> _Exercise brief_: Out of the lines below, please list those that hold the string "effective".

++++++++++++++++++++

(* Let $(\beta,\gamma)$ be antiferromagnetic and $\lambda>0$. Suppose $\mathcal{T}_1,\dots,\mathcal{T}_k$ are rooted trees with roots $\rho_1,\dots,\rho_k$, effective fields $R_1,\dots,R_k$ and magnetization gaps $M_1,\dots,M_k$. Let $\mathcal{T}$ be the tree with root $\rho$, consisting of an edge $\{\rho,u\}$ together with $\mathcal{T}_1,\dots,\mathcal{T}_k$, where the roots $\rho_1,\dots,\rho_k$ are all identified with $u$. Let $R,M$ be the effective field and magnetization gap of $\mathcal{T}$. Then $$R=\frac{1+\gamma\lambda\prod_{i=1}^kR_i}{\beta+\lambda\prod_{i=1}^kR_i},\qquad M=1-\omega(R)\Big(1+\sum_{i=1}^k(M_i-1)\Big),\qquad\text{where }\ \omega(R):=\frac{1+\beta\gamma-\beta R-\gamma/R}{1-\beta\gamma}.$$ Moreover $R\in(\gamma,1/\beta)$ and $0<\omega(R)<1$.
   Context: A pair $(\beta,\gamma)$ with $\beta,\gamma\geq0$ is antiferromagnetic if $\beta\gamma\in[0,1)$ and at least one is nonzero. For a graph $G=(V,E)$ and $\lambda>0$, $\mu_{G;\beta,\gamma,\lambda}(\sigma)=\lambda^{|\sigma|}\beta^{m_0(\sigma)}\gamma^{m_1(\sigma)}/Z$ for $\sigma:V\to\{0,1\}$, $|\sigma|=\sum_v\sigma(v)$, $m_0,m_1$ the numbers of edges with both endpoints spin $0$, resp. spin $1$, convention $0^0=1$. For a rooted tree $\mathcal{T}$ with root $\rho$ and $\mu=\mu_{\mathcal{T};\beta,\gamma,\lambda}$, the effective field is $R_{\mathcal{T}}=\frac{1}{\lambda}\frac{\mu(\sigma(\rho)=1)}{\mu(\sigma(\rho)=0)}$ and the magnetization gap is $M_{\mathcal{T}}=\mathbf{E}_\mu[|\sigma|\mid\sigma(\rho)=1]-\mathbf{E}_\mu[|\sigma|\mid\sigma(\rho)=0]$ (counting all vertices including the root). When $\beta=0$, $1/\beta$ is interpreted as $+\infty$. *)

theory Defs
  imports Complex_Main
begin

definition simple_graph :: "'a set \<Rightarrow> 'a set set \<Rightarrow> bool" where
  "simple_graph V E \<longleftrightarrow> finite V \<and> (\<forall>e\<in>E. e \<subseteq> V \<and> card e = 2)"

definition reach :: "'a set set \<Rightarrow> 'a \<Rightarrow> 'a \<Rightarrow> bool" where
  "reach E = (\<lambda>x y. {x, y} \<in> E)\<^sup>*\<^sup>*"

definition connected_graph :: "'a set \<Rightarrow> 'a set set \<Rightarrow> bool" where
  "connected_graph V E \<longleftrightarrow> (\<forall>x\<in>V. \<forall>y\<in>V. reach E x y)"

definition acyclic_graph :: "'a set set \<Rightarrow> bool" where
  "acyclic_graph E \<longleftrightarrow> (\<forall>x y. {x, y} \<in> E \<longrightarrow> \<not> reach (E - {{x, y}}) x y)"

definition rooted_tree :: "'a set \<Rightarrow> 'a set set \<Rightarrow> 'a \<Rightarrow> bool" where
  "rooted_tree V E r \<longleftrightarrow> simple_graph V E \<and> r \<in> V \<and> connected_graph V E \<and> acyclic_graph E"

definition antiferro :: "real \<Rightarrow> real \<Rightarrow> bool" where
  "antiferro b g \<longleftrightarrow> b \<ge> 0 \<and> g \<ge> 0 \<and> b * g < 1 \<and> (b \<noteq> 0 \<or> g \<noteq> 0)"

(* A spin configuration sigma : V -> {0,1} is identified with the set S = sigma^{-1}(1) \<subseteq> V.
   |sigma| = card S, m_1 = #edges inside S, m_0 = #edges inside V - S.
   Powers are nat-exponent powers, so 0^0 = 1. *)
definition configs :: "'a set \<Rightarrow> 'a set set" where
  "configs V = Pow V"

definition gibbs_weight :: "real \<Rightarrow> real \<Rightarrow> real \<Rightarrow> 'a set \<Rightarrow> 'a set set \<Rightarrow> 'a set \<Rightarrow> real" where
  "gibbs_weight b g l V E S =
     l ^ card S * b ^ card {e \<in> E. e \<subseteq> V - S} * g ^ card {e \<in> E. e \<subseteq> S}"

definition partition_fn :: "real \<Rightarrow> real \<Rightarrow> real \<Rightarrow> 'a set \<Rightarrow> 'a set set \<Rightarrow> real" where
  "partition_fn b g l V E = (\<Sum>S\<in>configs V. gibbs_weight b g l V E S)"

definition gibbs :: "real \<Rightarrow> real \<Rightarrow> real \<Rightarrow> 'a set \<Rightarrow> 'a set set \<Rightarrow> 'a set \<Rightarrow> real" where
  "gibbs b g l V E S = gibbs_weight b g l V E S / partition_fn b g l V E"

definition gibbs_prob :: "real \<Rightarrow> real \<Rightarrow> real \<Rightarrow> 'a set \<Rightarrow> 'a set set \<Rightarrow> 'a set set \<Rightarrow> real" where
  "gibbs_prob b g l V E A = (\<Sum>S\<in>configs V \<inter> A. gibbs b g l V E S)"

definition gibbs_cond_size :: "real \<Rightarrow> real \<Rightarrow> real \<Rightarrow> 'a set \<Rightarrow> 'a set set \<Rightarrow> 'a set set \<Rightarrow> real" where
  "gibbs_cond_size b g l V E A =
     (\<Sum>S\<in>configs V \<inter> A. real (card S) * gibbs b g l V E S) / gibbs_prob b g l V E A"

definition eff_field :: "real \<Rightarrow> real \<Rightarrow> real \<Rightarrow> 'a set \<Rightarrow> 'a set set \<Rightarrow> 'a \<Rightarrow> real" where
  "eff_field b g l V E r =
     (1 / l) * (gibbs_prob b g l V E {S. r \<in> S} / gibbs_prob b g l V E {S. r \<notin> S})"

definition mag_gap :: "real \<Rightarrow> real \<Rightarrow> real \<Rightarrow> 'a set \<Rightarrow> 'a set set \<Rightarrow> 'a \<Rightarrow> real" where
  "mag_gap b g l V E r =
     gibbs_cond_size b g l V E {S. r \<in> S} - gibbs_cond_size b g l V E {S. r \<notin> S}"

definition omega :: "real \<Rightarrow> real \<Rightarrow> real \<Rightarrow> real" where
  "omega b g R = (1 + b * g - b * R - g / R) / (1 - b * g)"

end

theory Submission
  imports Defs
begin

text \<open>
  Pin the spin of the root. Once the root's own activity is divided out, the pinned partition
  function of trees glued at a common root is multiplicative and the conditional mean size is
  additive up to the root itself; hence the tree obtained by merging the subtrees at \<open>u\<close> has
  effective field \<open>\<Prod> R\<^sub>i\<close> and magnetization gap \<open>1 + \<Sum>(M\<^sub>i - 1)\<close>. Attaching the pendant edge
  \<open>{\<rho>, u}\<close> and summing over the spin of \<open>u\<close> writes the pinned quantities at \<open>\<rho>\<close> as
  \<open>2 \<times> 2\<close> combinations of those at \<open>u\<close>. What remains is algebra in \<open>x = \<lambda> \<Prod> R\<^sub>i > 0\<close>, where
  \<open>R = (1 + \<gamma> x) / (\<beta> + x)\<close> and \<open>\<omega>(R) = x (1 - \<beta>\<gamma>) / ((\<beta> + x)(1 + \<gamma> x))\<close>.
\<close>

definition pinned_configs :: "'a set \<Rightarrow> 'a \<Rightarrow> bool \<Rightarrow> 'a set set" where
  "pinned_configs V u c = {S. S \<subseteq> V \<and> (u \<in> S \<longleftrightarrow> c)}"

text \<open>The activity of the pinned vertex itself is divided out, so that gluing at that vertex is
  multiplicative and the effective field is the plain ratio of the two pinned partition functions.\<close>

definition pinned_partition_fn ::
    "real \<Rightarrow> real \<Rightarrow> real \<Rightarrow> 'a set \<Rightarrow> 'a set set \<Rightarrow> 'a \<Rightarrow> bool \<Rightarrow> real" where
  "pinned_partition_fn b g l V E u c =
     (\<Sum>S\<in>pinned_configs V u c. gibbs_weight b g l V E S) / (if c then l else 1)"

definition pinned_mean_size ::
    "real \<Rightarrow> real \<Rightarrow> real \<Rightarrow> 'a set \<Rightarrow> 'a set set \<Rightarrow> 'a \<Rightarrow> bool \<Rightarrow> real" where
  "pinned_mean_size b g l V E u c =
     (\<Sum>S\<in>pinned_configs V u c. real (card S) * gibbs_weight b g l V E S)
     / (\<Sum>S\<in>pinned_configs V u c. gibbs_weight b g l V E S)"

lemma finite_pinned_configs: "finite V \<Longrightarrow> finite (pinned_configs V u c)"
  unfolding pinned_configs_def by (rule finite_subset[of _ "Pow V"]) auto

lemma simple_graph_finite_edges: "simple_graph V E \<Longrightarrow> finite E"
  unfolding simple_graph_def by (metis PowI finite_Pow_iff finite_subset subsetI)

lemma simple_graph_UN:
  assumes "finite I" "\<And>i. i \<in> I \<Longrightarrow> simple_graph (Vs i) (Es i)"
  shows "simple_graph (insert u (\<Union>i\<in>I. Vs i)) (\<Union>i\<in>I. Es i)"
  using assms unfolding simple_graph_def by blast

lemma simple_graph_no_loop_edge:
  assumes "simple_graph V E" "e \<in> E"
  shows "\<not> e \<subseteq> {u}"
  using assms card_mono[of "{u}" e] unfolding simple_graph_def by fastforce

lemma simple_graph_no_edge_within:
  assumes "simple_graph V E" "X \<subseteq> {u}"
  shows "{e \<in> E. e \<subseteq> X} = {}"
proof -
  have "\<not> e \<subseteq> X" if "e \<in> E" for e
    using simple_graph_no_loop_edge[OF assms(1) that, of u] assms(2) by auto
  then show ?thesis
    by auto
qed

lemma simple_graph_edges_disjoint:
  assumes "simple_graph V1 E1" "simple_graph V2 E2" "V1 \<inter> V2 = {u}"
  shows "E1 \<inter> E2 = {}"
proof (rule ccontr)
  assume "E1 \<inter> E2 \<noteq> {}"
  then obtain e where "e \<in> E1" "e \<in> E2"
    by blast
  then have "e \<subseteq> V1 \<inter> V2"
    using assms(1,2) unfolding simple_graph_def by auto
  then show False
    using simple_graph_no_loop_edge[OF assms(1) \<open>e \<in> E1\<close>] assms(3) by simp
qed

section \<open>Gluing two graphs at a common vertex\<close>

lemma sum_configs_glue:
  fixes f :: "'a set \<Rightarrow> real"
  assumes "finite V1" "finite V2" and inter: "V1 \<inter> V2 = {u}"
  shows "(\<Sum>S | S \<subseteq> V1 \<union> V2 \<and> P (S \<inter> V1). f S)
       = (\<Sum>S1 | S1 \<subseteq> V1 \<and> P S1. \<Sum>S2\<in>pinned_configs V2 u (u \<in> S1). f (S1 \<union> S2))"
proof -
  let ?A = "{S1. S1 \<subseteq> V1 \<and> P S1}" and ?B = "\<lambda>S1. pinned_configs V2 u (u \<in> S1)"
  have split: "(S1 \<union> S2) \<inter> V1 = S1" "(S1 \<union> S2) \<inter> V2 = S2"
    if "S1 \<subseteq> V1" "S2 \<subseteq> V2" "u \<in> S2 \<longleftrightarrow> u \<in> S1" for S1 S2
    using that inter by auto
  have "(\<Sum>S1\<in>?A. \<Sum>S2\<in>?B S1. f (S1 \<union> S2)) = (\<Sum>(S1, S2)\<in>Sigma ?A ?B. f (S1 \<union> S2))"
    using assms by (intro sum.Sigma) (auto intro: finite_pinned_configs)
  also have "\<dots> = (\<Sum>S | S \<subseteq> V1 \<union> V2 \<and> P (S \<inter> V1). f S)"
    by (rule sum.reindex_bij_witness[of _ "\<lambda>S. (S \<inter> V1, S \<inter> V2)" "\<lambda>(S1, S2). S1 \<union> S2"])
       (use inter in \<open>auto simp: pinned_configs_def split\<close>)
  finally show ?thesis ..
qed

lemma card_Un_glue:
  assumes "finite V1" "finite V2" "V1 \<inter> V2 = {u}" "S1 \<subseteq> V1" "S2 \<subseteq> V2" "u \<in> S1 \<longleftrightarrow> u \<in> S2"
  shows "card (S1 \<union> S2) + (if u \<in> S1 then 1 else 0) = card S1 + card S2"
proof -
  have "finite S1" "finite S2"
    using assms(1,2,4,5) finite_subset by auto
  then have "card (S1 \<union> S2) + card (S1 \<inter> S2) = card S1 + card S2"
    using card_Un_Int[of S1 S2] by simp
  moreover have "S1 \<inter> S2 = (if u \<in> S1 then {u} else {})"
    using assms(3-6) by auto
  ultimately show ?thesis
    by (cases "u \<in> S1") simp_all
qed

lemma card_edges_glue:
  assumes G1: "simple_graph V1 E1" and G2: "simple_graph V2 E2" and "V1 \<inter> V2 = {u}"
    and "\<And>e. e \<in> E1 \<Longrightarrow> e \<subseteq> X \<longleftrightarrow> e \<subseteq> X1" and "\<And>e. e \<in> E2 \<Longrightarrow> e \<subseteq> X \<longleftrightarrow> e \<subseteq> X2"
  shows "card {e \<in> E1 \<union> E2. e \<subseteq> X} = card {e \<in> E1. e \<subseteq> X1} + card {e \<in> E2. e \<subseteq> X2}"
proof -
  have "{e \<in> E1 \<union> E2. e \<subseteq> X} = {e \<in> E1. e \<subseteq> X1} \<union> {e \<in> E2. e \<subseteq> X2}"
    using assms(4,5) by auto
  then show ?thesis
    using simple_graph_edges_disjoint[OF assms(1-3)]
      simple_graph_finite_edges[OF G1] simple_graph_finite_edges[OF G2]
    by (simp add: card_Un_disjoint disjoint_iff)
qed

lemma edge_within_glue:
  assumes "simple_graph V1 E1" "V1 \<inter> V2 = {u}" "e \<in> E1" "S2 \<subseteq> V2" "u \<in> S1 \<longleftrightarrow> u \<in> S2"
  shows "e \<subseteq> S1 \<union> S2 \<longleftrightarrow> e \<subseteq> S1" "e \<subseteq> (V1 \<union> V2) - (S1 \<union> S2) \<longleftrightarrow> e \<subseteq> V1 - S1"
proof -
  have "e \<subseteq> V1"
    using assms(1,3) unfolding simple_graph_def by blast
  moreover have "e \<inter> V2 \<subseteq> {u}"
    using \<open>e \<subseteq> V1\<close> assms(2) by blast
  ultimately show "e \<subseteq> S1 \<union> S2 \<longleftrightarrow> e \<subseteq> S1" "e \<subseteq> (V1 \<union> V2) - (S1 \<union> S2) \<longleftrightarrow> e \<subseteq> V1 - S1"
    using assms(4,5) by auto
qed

++++++++++++++++++++

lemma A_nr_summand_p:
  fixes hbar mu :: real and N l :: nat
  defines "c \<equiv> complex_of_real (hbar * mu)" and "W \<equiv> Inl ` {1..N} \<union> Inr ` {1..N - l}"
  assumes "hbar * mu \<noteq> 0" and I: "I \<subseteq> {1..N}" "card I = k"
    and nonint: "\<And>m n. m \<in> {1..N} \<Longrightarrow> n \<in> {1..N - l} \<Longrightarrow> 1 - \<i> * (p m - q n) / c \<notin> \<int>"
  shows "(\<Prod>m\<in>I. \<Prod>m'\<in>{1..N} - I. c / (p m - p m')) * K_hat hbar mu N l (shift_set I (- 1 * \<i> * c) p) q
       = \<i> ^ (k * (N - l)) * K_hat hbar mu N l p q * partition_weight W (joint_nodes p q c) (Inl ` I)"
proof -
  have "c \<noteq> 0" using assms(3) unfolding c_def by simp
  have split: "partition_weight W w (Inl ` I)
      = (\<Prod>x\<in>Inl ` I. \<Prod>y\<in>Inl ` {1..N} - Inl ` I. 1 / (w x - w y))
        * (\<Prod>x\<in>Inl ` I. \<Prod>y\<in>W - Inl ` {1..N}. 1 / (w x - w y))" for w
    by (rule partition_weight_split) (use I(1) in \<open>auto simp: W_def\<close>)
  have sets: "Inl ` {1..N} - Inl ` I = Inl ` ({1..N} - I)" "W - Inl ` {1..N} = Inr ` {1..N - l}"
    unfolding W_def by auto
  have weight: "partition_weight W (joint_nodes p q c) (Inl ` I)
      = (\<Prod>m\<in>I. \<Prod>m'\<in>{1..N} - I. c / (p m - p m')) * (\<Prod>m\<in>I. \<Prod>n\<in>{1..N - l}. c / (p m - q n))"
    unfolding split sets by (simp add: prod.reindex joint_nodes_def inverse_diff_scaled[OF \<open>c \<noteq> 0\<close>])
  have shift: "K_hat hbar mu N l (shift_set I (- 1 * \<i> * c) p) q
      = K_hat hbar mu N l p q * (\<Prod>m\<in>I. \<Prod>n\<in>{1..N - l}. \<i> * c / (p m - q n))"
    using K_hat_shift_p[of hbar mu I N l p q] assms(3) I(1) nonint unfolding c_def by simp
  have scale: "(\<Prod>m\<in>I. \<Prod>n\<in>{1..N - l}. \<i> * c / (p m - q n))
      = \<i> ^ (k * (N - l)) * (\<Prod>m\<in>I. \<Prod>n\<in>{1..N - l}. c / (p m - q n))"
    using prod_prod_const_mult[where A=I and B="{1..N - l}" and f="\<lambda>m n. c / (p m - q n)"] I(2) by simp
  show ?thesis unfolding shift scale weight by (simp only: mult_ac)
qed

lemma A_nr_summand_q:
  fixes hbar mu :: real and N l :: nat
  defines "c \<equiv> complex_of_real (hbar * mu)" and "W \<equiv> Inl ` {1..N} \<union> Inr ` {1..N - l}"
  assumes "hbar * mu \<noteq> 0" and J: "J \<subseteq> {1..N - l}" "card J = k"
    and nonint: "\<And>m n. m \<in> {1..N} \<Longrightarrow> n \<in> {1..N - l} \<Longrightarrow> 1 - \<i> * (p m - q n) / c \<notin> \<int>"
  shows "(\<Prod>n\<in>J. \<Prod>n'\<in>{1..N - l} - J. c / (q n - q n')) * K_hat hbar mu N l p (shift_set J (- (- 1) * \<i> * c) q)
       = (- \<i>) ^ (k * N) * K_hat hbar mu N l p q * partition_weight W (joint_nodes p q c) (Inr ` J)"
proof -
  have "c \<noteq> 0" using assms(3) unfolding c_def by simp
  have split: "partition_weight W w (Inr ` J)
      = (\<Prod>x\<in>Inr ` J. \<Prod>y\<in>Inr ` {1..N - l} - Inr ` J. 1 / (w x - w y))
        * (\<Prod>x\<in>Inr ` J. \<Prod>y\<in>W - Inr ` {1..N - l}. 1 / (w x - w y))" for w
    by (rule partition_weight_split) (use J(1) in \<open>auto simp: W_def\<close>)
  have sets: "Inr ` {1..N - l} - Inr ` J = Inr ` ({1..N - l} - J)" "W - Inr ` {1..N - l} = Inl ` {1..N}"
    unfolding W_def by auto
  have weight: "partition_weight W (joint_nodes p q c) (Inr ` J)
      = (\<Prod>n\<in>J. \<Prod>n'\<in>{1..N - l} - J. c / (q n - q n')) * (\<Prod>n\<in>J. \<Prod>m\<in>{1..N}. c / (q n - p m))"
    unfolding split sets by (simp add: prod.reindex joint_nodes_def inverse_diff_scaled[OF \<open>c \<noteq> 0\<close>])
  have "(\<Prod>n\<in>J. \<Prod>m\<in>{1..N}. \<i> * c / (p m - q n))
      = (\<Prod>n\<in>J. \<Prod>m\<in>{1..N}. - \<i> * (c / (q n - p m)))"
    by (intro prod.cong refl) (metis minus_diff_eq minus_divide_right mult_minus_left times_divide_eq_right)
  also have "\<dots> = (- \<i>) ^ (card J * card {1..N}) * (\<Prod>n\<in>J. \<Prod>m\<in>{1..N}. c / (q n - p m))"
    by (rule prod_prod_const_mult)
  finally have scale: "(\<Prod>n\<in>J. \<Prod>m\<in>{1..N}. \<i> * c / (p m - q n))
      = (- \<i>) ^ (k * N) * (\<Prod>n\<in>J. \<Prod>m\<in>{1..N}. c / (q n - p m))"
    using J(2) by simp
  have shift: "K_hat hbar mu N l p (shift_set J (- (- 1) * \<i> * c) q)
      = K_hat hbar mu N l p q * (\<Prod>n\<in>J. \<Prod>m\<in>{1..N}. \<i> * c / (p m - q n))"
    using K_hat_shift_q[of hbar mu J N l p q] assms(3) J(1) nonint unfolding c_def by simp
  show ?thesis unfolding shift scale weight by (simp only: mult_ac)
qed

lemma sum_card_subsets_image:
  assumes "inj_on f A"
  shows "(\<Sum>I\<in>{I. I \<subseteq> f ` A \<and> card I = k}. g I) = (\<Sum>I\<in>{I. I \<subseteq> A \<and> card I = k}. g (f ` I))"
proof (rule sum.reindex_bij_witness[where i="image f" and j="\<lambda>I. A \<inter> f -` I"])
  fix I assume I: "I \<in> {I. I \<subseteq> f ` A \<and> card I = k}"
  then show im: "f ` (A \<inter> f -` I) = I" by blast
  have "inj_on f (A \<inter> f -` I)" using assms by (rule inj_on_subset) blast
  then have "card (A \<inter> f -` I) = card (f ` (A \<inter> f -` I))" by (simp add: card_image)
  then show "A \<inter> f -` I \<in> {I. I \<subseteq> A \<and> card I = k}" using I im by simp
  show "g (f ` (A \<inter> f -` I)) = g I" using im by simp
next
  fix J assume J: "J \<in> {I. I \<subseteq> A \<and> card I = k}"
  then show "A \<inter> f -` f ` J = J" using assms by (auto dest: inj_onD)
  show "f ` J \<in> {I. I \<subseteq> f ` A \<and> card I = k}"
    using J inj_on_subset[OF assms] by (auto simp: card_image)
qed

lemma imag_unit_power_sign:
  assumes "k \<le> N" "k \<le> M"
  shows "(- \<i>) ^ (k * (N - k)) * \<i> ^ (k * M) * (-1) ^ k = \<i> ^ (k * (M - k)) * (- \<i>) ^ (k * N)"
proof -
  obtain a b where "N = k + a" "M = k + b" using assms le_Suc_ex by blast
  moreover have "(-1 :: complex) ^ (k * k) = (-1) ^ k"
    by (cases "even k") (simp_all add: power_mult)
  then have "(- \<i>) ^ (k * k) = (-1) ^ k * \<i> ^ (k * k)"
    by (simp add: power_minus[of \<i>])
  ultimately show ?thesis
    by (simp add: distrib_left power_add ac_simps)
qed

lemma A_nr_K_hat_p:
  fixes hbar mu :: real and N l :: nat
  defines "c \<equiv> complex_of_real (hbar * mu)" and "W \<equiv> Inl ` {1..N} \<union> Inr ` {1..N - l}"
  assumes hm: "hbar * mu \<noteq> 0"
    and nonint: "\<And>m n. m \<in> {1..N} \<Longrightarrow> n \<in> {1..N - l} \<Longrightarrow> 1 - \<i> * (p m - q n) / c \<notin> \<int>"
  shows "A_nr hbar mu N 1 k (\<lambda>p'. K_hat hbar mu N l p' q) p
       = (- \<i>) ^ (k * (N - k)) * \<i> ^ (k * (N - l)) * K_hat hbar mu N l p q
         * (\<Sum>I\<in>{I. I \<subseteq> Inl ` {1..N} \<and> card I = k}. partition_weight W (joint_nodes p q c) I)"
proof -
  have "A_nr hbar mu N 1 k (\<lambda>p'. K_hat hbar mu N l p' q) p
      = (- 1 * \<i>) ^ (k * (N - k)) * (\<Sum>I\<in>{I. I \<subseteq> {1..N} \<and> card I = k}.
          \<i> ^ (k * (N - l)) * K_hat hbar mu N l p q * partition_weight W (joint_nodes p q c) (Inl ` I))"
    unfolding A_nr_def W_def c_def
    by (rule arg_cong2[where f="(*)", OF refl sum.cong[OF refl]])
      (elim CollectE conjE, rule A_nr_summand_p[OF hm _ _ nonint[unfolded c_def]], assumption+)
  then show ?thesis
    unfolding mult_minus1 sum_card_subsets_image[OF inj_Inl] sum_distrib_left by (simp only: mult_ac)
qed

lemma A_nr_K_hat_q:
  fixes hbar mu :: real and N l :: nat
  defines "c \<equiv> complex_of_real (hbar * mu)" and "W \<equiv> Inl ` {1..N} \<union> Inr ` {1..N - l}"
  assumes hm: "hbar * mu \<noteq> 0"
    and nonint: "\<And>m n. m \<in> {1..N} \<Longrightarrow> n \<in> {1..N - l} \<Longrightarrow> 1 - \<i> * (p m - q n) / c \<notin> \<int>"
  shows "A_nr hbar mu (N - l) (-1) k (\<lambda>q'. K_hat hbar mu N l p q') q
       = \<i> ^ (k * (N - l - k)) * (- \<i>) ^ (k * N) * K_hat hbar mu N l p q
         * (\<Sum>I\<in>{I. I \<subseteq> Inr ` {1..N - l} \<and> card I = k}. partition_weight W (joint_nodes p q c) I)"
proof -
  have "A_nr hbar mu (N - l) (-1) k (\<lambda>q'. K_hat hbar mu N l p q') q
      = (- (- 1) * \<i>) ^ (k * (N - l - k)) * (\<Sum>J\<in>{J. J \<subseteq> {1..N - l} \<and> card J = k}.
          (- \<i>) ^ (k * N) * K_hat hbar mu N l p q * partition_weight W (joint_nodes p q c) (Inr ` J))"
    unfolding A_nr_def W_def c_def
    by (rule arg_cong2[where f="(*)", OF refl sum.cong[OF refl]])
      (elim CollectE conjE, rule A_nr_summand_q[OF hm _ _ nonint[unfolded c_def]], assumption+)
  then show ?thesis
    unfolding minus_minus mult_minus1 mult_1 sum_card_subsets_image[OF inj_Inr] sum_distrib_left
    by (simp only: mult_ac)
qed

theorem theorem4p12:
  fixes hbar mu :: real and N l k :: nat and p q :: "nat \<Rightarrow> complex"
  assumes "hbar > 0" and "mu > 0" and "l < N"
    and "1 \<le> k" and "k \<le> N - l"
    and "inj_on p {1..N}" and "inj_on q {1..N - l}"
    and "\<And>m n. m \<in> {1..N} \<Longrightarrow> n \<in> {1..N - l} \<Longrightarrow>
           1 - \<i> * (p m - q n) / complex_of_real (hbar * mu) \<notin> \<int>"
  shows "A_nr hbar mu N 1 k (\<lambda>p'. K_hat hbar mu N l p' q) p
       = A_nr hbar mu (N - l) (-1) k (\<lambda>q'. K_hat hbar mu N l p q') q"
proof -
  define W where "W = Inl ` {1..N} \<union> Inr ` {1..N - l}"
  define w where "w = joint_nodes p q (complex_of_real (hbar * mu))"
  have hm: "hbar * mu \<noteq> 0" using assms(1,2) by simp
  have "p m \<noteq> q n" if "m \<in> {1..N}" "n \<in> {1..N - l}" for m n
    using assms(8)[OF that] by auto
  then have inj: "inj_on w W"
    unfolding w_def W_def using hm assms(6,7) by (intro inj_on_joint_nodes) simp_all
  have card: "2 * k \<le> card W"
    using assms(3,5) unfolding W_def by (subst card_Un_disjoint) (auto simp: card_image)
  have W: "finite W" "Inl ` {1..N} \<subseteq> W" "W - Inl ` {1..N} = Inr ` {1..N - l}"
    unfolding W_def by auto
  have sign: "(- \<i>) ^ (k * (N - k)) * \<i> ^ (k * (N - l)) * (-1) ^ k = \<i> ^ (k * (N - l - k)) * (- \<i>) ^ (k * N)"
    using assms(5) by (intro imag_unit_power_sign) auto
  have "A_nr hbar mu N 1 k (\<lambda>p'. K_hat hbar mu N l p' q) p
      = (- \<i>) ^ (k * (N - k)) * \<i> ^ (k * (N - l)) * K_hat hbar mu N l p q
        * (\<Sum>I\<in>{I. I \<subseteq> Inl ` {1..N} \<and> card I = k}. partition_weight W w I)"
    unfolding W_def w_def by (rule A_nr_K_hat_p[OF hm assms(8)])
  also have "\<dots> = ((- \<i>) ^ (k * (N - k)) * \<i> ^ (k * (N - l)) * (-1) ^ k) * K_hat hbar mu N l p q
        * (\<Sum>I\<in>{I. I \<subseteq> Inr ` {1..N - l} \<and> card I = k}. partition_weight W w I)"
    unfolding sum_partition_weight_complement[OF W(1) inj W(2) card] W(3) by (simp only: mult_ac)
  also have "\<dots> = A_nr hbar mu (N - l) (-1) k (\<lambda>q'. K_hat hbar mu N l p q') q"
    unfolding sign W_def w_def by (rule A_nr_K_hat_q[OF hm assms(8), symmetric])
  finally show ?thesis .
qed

++++++++++++++++++++

> _Response to the exercise_:
(* Let $(\beta,\gamma)$ be antiferromagnetic and $\lambda>0$. Suppose $\mathcal{T}_1,\dots,\mathcal{T}_k$ are rooted trees with roots $\rho_1,\dots,\rho_k$, effective fields $R_1,\dots,R_k$ and magnetization gaps $M_1,\dots,M_k$. Let $\mathcal{T}$ be the tree with root $\rho$, consisting of an edge $\{\rho,u\}$ together with $\mathcal{T}_1,\dots,\mathcal{T}_k$, where the roots $\rho_1,\dots,\rho_k$ are all identified with $u$. Let $R,M$ be the effective field and magnetization gap of $\mathcal{T}$. Then $$R=\frac{1+\gamma\lambda\prod_{i=1}^kR_i}{\beta+\lambda\prod_{i=1}^kR_i},\qquad M=1-\omega(R)\Big(1+\sum_{i=1}^k(M_i-1)\Big),\qquad\text{where }\ \omega(R):=\frac{1+\beta\gamma-\beta R-\gamma/R}{1-\beta\gamma}.$$ Moreover $R\in(\gamma,1/\beta)$ and $0<\omega(R)<1$.
   Context: A pair $(\beta,\gamma)$ with $\beta,\gamma\geq0$ is antiferromagnetic if $\beta\gamma\in[0,1)$ and at least one is nonzero. For a graph $G=(V,E)$ and $\lambda>0$, $\mu_{G;\beta,\gamma,\lambda}(\sigma)=\lambda^{|\sigma|}\beta^{m_0(\sigma)}\gamma^{m_1(\sigma)}/Z$ for $\sigma:V\to\{0,1\}$, $|\sigma|=\sum_v\sigma(v)$, $m_0,m_1$ the numbers of edges with both endpoints spin $0$, resp. spin $1$, convention $0^0=1$. For a rooted tree $\mathcal{T}$ with root $\rho$ and $\mu=\mu_{\mathcal{T};\beta,\gamma,\lambda}$, the effective field is $R_{\mathcal{T}}=\frac{1}{\lambda}\frac{\mu(\sigma(\rho)=1)}{\mu(\sigma(\rho)=0)}$ and the magnetization gap is $M_{\mathcal{T}}=\mathbf{E}_\mu[|\sigma|\mid\sigma(\rho)=1]-\mathbf{E}_\mu[|\sigma|\mid\sigma(\rho)=0]$ (counting all vertices including the root). When $\beta=0$, $1/\beta$ is interpreted as $+\infty$. *)
  effective field \<open>\<Prod> R\<^sub>i\<close> and magnetization gap \<open>1 + \<Sum>(M\<^sub>i - 1)\<close>. Attaching the pendant edge
  multiplicative and the effective field is the plain ratio of the two pinned partition functions.\<close>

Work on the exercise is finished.